(* Let $S$ be an inverse semigroup and $\rho$ an idempotent separating congruence on $S$. Then there exist a group $G$ and an action of $T=S/\rho$ on $G$ by endomorphisms on the left such that the extension $(S,\rho)$ can be embedded into the $\lambda$-semidirect product extension $(G\rtimes_\lambda T,\vartheta_2)$, i.e. there is an injective homomorphism $\psi\colon S\to G\rtimes_\lambda T$ such that the congruence induced on $S$ by $\psi$ followed by the second projection $G\rtimes_\lambda T\to T$ is exactly $\rho$.
   Context: A congruence is idempotent separating if no two distinct idempotents are related. Let $K$ be a semigroup and $T$ an inverse semigroup; $T$ acts on $K$ if an antihomomorphism $t\mapsto\varepsilon_t$ from $T$ into the endomorphism monoid of $K$ is given (so $\varepsilon_u\varepsilon_t=\varepsilon_{tu}$); write ${}^t a$ for $a\varepsilon_t$. The $\lambda$-semidirect product $K\rtimes_\lambda T$ is the set $\{(a,t)\in K\times T: {}^{tt^{-1}}a=a\}$ with multiplication $(a,t)(b,u)=({}^{(tu)(tu)^{-1}}a\cdot {}^t b,\ tu)$, and $\vartheta_2$ is the congruence induced by the second projection $(a,t)\mapsto t$. *)

theory Defs
  imports "HOL-Algebra.Group"
begin

text \<open>Semigroups are HOL-Algebra monoid records used only through carrier and mult
  (the unit field is ignored); associativity and closure are stated in sg_semigroup.\<close>

definition sg_semigroup :: "('a, 'b) monoid_scheme \<Rightarrow> bool" where
  "sg_semigroup S \<longleftrightarrow>
     (\<forall>x\<in>carrier S. \<forall>y\<in>carrier S. x \<otimes>\<^bsub>S\<^esub> y \<in> carrier S) \<and>
     (\<forall>x\<in>carrier S. \<forall>y\<in>carrier S. \<forall>z\<in>carrier S.
        (x \<otimes>\<^bsub>S\<^esub> y) \<otimes>\<^bsub>S\<^esub> z = x \<otimes>\<^bsub>S\<^esub> (y \<otimes>\<^bsub>S\<^esub> z))"

definition inverse_semigroup :: "('a, 'b) monoid_scheme \<Rightarrow> bool" where
  "inverse_semigroup S \<longleftrightarrow> sg_semigroup S \<and>
     (\<forall>a\<in>carrier S. \<exists>!b. b \<in> carrier S \<and> a \<otimes>\<^bsub>S\<^esub> b \<otimes>\<^bsub>S\<^esub> a = a \<and> b \<otimes>\<^bsub>S\<^esub> a \<otimes>\<^bsub>S\<^esub> b = b)"

definition sg_inv :: "('a, 'b) monoid_scheme \<Rightarrow> 'a \<Rightarrow> 'a" where
  "sg_inv S a = (THE b. b \<in> carrier S \<and> a \<otimes>\<^bsub>S\<^esub> b \<otimes>\<^bsub>S\<^esub> a = a \<and> b \<otimes>\<^bsub>S\<^esub> a \<otimes>\<^bsub>S\<^esub> b = b)"

definition sg_congruence :: "('a, 'b) monoid_scheme \<Rightarrow> ('a \<times> 'a) set \<Rightarrow> bool" where
  "sg_congruence S \<rho> \<longleftrightarrow> equiv (carrier S) \<rho> \<and>
     (\<forall>a b c. (a, b) \<in> \<rho> \<longrightarrow> c \<in> carrier S \<longrightarrow>
        (c \<otimes>\<^bsub>S\<^esub> a, c \<otimes>\<^bsub>S\<^esub> b) \<in> \<rho> \<and> (a \<otimes>\<^bsub>S\<^esub> c, b \<otimes>\<^bsub>S\<^esub> c) \<in> \<rho>)"

definition idempotents :: "('a, 'b) monoid_scheme \<Rightarrow> 'a set" where
  "idempotents S = {e \<in> carrier S. e \<otimes>\<^bsub>S\<^esub> e = e}"

definition idempotent_separating :: "('a, 'b) monoid_scheme \<Rightarrow> ('a \<times> 'a) set \<Rightarrow> bool" where
  "idempotent_separating S \<rho> \<longleftrightarrow>
     (\<forall>e\<in>idempotents S. \<forall>f\<in>idempotents S. (e, f) \<in> \<rho> \<longrightarrow> e = f)"

definition sg_quot :: "('a, 'b) monoid_scheme \<Rightarrow> ('a \<times> 'a) set \<Rightarrow> 'a set monoid" where
  "sg_quot S \<rho> = \<lparr>carrier = carrier S // \<rho>,
     mult = (\<lambda>X Y. \<rho> `` {(SOME x. x \<in> X) \<otimes>\<^bsub>S\<^esub> (SOME y. y \<in> Y)}),
     one = undefined\<rparr>"

text \<open>Action of an inverse semigroup T on a group G by endomorphisms on the left:
  t maps to an endomorphism act t of G, with act t (act u a) = act (t u) a
  (i.e. t \<mapsto> \<epsilon>_t is an antihomomorphism when maps are written on the right).\<close>
definition acts_by_endos :: "('c, 'd) monoid_scheme \<Rightarrow> ('g, 'e) monoid_scheme \<Rightarrow> ('c \<Rightarrow> 'g \<Rightarrow> 'g) \<Rightarrow> bool" where
  "acts_by_endos T G act \<longleftrightarrow>
     (\<forall>t\<in>carrier T. act t \<in> hom G G) \<and>
     (\<forall>t\<in>carrier T. \<forall>u\<in>carrier T. \<forall>a\<in>carrier G.
        act t (act u a) = act (t \<otimes>\<^bsub>T\<^esub> u) a)"

definition lambda_sdp :: "('g, 'e) monoid_scheme \<Rightarrow> ('c, 'd) monoid_scheme \<Rightarrow> ('c \<Rightarrow> 'g \<Rightarrow> 'g) \<Rightarrow> ('g \<times> 'c) monoid" where
  "lambda_sdp G T act = \<lparr>
     carrier = {(a, t). a \<in> carrier G \<and> t \<in> carrier T \<and> act (t \<otimes>\<^bsub>T\<^esub> sg_inv T t) a = a},
     mult = (\<lambda>(a, t) (b, u).
        (act ((t \<otimes>\<^bsub>T\<^esub> u) \<otimes>\<^bsub>T\<^esub> sg_inv T (t \<otimes>\<^bsub>T\<^esub> u)) a \<otimes>\<^bsub>G\<^esub> act t b, t \<otimes>\<^bsub>T\<^esub> u)),
     one = undefined\<rparr>"

end

theory Submission
  imports Defs "HOL-Algebra.Product_Groups"
begin

text \<open>Since rho separates idempotents, it is contained in Green's relation H. Hence the rho-class
  K e of an idempotent e is a group with identity e, and each class X of T = S/rho determines the
  idempotent e X = a a' (a in X, with a' the inverse of a). Let G be the product of the groups
  K (e X) over X in T, and let t in T act on G by (t f) X = f (X t) if X t t' = X and
  (t f) X = e X otherwise. With representatives r X in X, the map s |-> (f s, [s]) with
  f s X = r X s (r (X [s]))' (where X [s] [s]' = X) satisfies the cocycle identity that makes it a
  homomorphism into the lambda-semidirect product, and evaluating f s at [s s'] recovers s from
  f s and [s]. Finally G is transported to the prescribed carrier type along
  f |-> {f X r X | X in T}, a set that meets each class X exactly in f X r X.\<close>

section \<open>Inverse semigroups\<close>

locale inv_semigroup =
  fixes S :: "('a, 'b) monoid_scheme" (structure)
  assumes inverse_semigroup: "inverse_semigroup S"
begin

abbreviation sinv :: "'a \<Rightarrow> 'a" where "sinv a \<equiv> sg_inv S a"

lemma m_closed [simp]: "x \<in> carrier S \<Longrightarrow> y \<in> carrier S \<Longrightarrow> x \<otimes> y \<in> carrier S"
  using inverse_semigroup unfolding inverse_semigroup_def sg_semigroup_def by blast

lemma m_assoc [simp]:
  "x \<in> carrier S \<Longrightarrow> y \<in> carrier S \<Longrightarrow> z \<in> carrier S \<Longrightarrow> (x \<otimes> y) \<otimes> z = x \<otimes> (y \<otimes> z)"
  using inverse_semigroup unfolding inverse_semigroup_def sg_semigroup_def by blast

lemma m_assoc_idem:
  assumes "e \<in> carrier S" "e \<otimes> e = e" "x \<in> carrier S"
  shows "e \<otimes> (e \<otimes> x) = e \<otimes> x"
  using assms m_assoc[of e e x] by simp

lemma inverse_ex1:
  "a \<in> carrier S \<Longrightarrow> \<exists>!b. b \<in> carrier S \<and> a \<otimes> b \<otimes> a = a \<and> b \<otimes> a \<otimes> b = b"
  using inverse_semigroup unfolding inverse_semigroup_def by blast

lemma sinv_props:
  assumes "a \<in> carrier S"
  shows "sinv a \<in> carrier S" "a \<otimes> sinv a \<otimes> a = a" "sinv a \<otimes> a \<otimes> sinv a = sinv a"
  using theI'[OF inverse_ex1[OF assms]] unfolding sg_inv_def by auto

lemma sinv_closed [simp]: "a \<in> carrier S \<Longrightarrow> sinv a \<in> carrier S"
  by (rule sinv_props)

lemma mult_sinv_mult [simp]: "a \<in> carrier S \<Longrightarrow> a \<otimes> (sinv a \<otimes> a) = a"
  using sinv_props by simp

lemma sinv_mult_sinv [simp]: "a \<in> carrier S \<Longrightarrow> sinv a \<otimes> (a \<otimes> sinv a) = sinv a"
  using sinv_props by simp

lemma mult_sinv_mult_left [simp]:
  assumes "a \<in> carrier S" "x \<in> carrier S"
  shows "a \<otimes> (sinv a \<otimes> (a \<otimes> x)) = a \<otimes> x"
proof -
  have "(a \<otimes> (sinv a \<otimes> a)) \<otimes> x = a \<otimes> x" using assms by simp
  then show ?thesis using assms by (simp del: mult_sinv_mult)
qed

lemma sinv_mult_sinv_left [simp]:
  assumes "a \<in> carrier S" "x \<in> carrier S"
  shows "sinv a \<otimes> (a \<otimes> (sinv a \<otimes> x)) = sinv a \<otimes> x"
proof -
  have "(sinv a \<otimes> (a \<otimes> sinv a)) \<otimes> x = sinv a \<otimes> x" using assms by simp
  then show ?thesis using assms by (simp del: sinv_mult_sinv)
qed

lemma sinv_unique:
  "\<lbrakk>a \<in> carrier S; b \<in> carrier S; a \<otimes> b \<otimes> a = a; b \<otimes> a \<otimes> b = b\<rbrakk> \<Longrightarrow> sinv a = b"
  using inverse_ex1[of a] sinv_props[of a] by blast

lemma sinv_sinv [simp]: "a \<in> carrier S \<Longrightarrow> sinv (sinv a) = a"
  by (rule sinv_unique) auto

lemma sinv_idem: "e \<in> carrier S \<Longrightarrow> e \<otimes> e = e \<Longrightarrow> sinv e = e"
  by (rule sinv_unique) simp_all

lemma idem_mult_sinv: "a \<in> carrier S \<Longrightarrow> (a \<otimes> sinv a) \<otimes> (a \<otimes> sinv a) = a \<otimes> sinv a"
  by simp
# # # # # # #
Work to be completed
The answer must hold exactly the lines of the entries above, from the first line through the line that contains "S. \<forall>z\<in>carrier S.", and no others.

Reply
(* Let $S$ be an inverse semigroup and $\rho$ an idempotent separating congruence on $S$. Then there exist a group $G$ and an action of $T=S/\rho$ on $G$ by endomorphisms on the left such that the extension $(S,\rho)$ can be embedded into the $\lambda$-semidirect product extension $(G\rtimes_\lambda T,\vartheta_2)$, i.e. there is an injective homomorphism $\psi\colon S\to G\rtimes_\lambda T$ such that the congruence induced on $S$ by $\psi$ followed by the second projection $G\rtimes_\lambda T\to T$ is exactly $\rho$.
   Context: A congruence is idempotent separating if no two distinct idempotents are related. Let $K$ be a semigroup and $T$ an inverse semigroup; $T$ acts on $K$ if an antihomomorphism $t\mapsto\varepsilon_t$ from $T$ into the endomorphism monoid of $K$ is given (so $\varepsilon_u\varepsilon_t=\varepsilon_{tu}$); write ${}^t a$ for $a\varepsilon_t$. The $\lambda$-semidirect product $K\rtimes_\lambda T$ is the set $\{(a,t)\in K\times T: {}^{tt^{-1}}a=a\}$ with multiplication $(a,t)(b,u)=({}^{(tu)(tu)^{-1}}a\cdot {}^t b,\ tu)$, and $\vartheta_2$ is the congruence induced by the second projection $(a,t)\mapsto t$. *)

theory Defs
  imports "HOL-Algebra.Group"
begin

text \<open>Semigroups are HOL-Algebra monoid records used only through carrier and mult
  (the unit field is ignored); associativity and closure are stated in sg_semigroup.\<close>

definition sg_semigroup :: "('a, 'b) monoid_scheme \<Rightarrow> bool" where
  "sg_semigroup S \<longleftrightarrow>
     (\<forall>x\<in>carrier S. \<forall>y\<in>carrier S. x \<otimes>\<^bsub>S\<^esub> y \<in> carrier S) \<and>
     (\<forall>x\<in>carrier S. \<forall>y\<in>carrier S. \<forall>z\<in>carrier S.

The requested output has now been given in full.